:: Work to be completed ::
Under this line are the records; write out word for word the part that begins at the line containing "proof clarify" and ends at the line containing "G \<Longrightarrow> h", and no more.

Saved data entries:
theorem mainTheorem4:
  fixes R :: "('r, 'c) ring_scheme"
    and M :: "('r, 'm) module" and N :: "('r, 'n) module"
  assumes "ring R" and "left_module R M" and "left_module R N"
  shows "(module_char R M > 0 \<and> module_char R N > 0 \<and>
            coprime (module_char R M) (module_char R N)
            \<longrightarrow> Ext1_zero R N M TYPE('e))
       \<and> (simple_module R M \<and> module_char R M = 0 \<and> module_char R N \<noteq> 0
            \<longrightarrow> Ext1_zero R N M TYPE('e))
       \<and> (simple_module R M \<and> simple_module R N \<and>
            module_char R M \<noteq> 0 \<and> module_char R N = 0
            \<longrightarrow> Ext1_zero R N M TYPE('e))"
proof -
  let ?a = "module_char R M" and ?b = "module_char R N"
  have "Ext1_zero R N M TYPE('e)" if "0 < ?a" "0 < ?b" "coprime ?a ?b"
    using torsion_module_char[OF that(1)]
      multiples_torsion_if_coprime[OF left_module_abelian_group[OF assms(3)]
        torsion_module_char[OF that(2)] that(3,1)]
    by (rule Ext1_zero_via_multiples)
  moreover have "Ext1_zero R N M TYPE('e)" if "simple_module R M" "?a = 0" "0 < ?b"
    using torsion_module_char[OF that(3)] multiples_torsion_if_simple[OF that]
    by (rule Ext1_zero_via_torsion)
  moreover have "Ext1_zero R N M TYPE('e)" if "simple_module R N" "?b = 0" "0 < ?a"
    using torsion_module_char[OF that(3)] multiples_torsion_if_simple[OF that]
    by (rule Ext1_zero_via_multiples)
  ultimately show ?thesis by auto
qed

end
lemma card_le_card_conjugates_mult_card_centralizer:
  assumes y: "invertible y"
  shows "card G \<le> card ((\<lambda>k. ad k y ** matrix_inv y) ` G) * card (centralizer_aut G (ad y))"
proof (rule card_le_card_image_mult_card[OF finite_carrier finite_centralizer])
  fix k assume k: "k \<in> G"
  show "{k' \<in> G. ad k' y ** matrix_inv y = ad k y ** matrix_inv y} \<subseteq> (**) k ` centralizer_aut G (ad y)"
  proof clarify
    fix k' assume k': "k' \<in> G" "ad k' y ** matrix_inv y = ad k y ** matrix_inv y"
    define c where "c = matrix_inv k ** k'"
    have "ad k' y = ad k y"
      using matrix_mul_right_cancel[OF invertible_matrix_inv[OF y] k'(2)] .
    then have "matrix_inv k ** ad k' y ** k' = matrix_inv k ** ad k y ** k'" by simp
    then have "y ** c = c ** y"
      using k k'(1) by (simp add: ad_def c_def matrix_mul_assoc matrix_inv_cancel
          matrix_inv_cancel_assoc invertible_mem)
    then have "c \<in> centralizer_aut G (ad y)"
      using k k' y by (simp add: c_def centralizer_aut_def ad_eq_iff_commute mult_mem matrix_inv_mem)
    moreover have "k' = k ** c"
      using k by (simp add: c_def matrix_mul_assoc matrix_inv_cancel invertible_mem)
    ultimately show "k' \<in> (**) k ` centralizer_aut G (ad y)" by blast
  qed
qed

end

locale odd_irreducible_group = matrix_group G for G :: "(real^'d^'d) set" +
  assumes odd_dim: "odd CARD('d)"
    and irreducible: "irreducible_module G"
begin

text \<open>Schur's lemma: a real endomorphism of odd dimension has an eigenvalue, and its eigenspace
  is \<open>G\<close>-invariant.\<close>
lemma commuting_matrix_eq_scalar:
  assumes comm: "\<And>h. h \<in> G \<Longrightarrow> h ** M = M ** h"
  shows "M = (trace M / real CARD('d)) *\<^sub>R mat 1"
proof -
  obtain c where "det (M - c *\<^sub>R mat 1) = 0" using odd_dim_real_eigenvalue[OF odd_dim] by blast
  then have "\<not> invertible (M - c *\<^sub>R mat 1)" by (simp add: invertible_det_nz)
  then obtain v where v: "v \<noteq> 0" "(M - c *\<^sub>R mat 1) *v v = 0"
    unfolding invertible_left_inverse matrix_left_invertible_ker by blast
  define W where "W = {w. M *v w = c *\<^sub>R w}"
  have "subspace W" unfolding W_def subspace_def by (auto simp: algebra_simps)
  moreover have "\<forall>h\<in>G. \<forall>w\<in>W. h *v w \<in> W"
    unfolding W_def using comm
    by (auto simp: matrix_vector_mul_assoc algebra_simps) (metis matrix_vector_mul_assoc matrix_vector_mult_scaleR)
  moreover have "v \<in> W"
    using v by (simp add: W_def matrix_vector_mult_diff_rdistrib flip: scaleR_matrix_vector_assoc)
  ultimately have "W = UNIV" using irreducible v(1) unfolding irreducible_module_def by blast
  then have "M = c *\<^sub>R mat 1"
    unfolding matrix_eq W_def by (auto simp flip: scaleR_matrix_vector_assoc)
  then show ?thesis by (simp add: trace_def mat_def)
qed

lemma sum_ad_eq_scalar:
  "(\<Sum>h\<in>G. ad h M) = (real (card G) * trace M / real CARD('d)) *\<^sub>R mat 1"
proof -
  define P where "P = (\<Sum>h\<in>G. ad h M)"
  have "k ** P = P ** k" if k: "k \<in> G" for k
  proof -
    have bij: "bij_betw ((**) k) G G"
      by (rule bij_betwI[where g="(**) (matrix_inv k)"])
        (auto simp: k mult_mem matrix_inv_mem matrix_mul_assoc matrix_inv_cancel invertible_mem)
    have "k ** P = (\<Sum>h\<in>G. ad (k ** h) M ** k)"
      unfolding P_def matrix_mult_sum using k
      by (auto simp: ad_def matrix_inv_mult invertible_mem matrix_mul_assoc matrix_inv_cancel_assoc
          intro!: sum.cong)
    also have "\<dots> = P ** k"
      unfolding P_def matrix_sum_mult using sum.reindex_bij_betw[OF bij, of "\<lambda>h. ad h M ** k"] by simp
    finally show ?thesis .
  qed
  then have "P = (trace P / real CARD('d)) *\<^sub>R mat 1"
    by (intro commuting_matrix_eq_scalar) auto
  moreover have "trace P = real (card G) * trace M"
    by (simp add: P_def trace_sum trace_ad invertible_mem)
  ultimately show ?thesis unfolding P_def by simp
qed
lemma integrable_gauss_density_second_moment:
  fixes S :: "real^'n^'n"
  assumes "quadratic_form_pos S"
  shows "integrable lborel (\<lambda>x. gauss_density mu S x * (1 + (norm x)\<^sup>2))"
proof -
  obtain K c where c: "0 < c" "\<And>x. gauss_density mu S x \<le> K * exp (- c * (norm x)\<^sup>2)"
    using gauss_density_le_exp[OF assms] by blast
  have "0 \<le> K" using c(2)[of 0] gauss_density_pos[OF assms, of mu 0] by (simp add: zero_le_mult_iff)
  show ?thesis
  proof (rule Bochner_Integration.integrable_bound)
    show "integrable lborel (\<lambda>x::real^'n. K * (1 + 2/c) * exp (- (c/2) * (norm x)\<^sup>2))"
      using c by (intro integrable_mult_right integrable_exp_neg_norm_sq) simp
    show "AE x in lborel. norm (gauss_density mu S x * (1 + (norm x)\<^sup>2))
            \<le> norm (K * (1 + 2/c) * exp (- (c/2) * (norm x)\<^sup>2))"
    proof (rule AE_I2)
      fix x :: "real^'n"
      let ?s = "(norm x)\<^sup>2"
      have "1 \<le> exp (c/2 * ?s)" using c(1) by simp
      moreover have "c/2 * ?s \<le> exp (c/2 * ?s)" using exp_ge_add_one_self[of "c/2 * ?s"] by linarith
      then have "?s \<le> 2/c * exp (c/2 * ?s)" using c(1) by (simp add: field_simps)
      ultimately have "1 + ?s \<le> (1 + 2/c) * exp (c/2 * ?s)"
        using distrib_right[of 1 "2/c" "exp (c/2 * ?s)"] by linarith
      then have "gauss_density mu S x * (1 + ?s) \<le> K * exp (- c * ?s) * ((1 + 2/c) * exp (c/2 * ?s))"
        using c \<open>0 \<le> K\<close> gauss_density_pos[OF assms, of mu x] by (intro mult_mono) auto
      also have "\<dots> = K * (1 + 2/c) * exp (- (c/2) * ?s)"
        by (simp add: exp_add[symmetric] algebra_simps)
      finally show "norm (gauss_density mu S x * (1 + ?s)) \<le> norm (K * (1 + 2/c) * exp (- (c/2) * ?s))"
        using gauss_density_pos[OF assms, of mu x] by simp
    qed
  qed (use assms in measurable)
qed

lemma integrable_gauss_density:
  assumes "quadratic_form_pos S" shows "integrable lborel (gauss_density mu S)"
proof (rule Bochner_Integration.integrable_bound[OF integrable_gauss_density_second_moment[OF assms]])
  show "AE x in lborel. norm (gauss_density mu S x) \<le> norm (gauss_density mu S x * (1 + (norm x)\<^sup>2))"
    using gauss_density_pos[OF assms] by (intro AE_I2) (simp add: abs_mult mult_le_cancel_left1)
qed (use assms in measurable)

:: Written solution ::
  proof clarify
    fix k' assume k': "k' \<in> G" "ad k' y ** matrix_inv y = ad k y ** matrix_inv y"
    define c where "c = matrix_inv k ** k'"
    have "ad k' y = ad k y"
      using matrix_mul_right_cancel[OF invertible_matrix_inv[OF y] k'(2)] .
    then have "matrix_inv k ** ad k' y ** k' = matrix_inv k ** ad k y ** k'" by simp
    then have "y ** c = c ** y"
      using k k'(1) by (simp add: ad_def c_def matrix_mul_assoc matrix_inv_cancel
          matrix_inv_cancel_assoc invertible_mem)
    then have "c \<in> centralizer_aut G (ad y)"
      using k k' y by (simp add: c_def centralizer_aut_def ad_eq_iff_commute mult_mem matrix_inv_mem)
    moreover have "k' = k ** c"
      using k by (simp add: c_def matrix_mul_assoc matrix_inv_cancel invertible_mem)
    ultimately show "k' \<in> (**) k ` centralizer_aut G (ad y)" by blast
  qed
qed

end

locale odd_irreducible_group = matrix_group G for G :: "(real^'d^'d) set" +
  assumes odd_dim: "odd CARD('d)"
    and irreducible: "irreducible_module G"
begin

text \<open>Schur's lemma: a real endomorphism of odd dimension has an eigenvalue, and its eigenspace
  is \<open>G\<close>-invariant.\<close>
lemma commuting_matrix_eq_scalar:
  assumes comm: "\<And>h. h \<in> G \<Longrightarrow> h ** M = M ** h"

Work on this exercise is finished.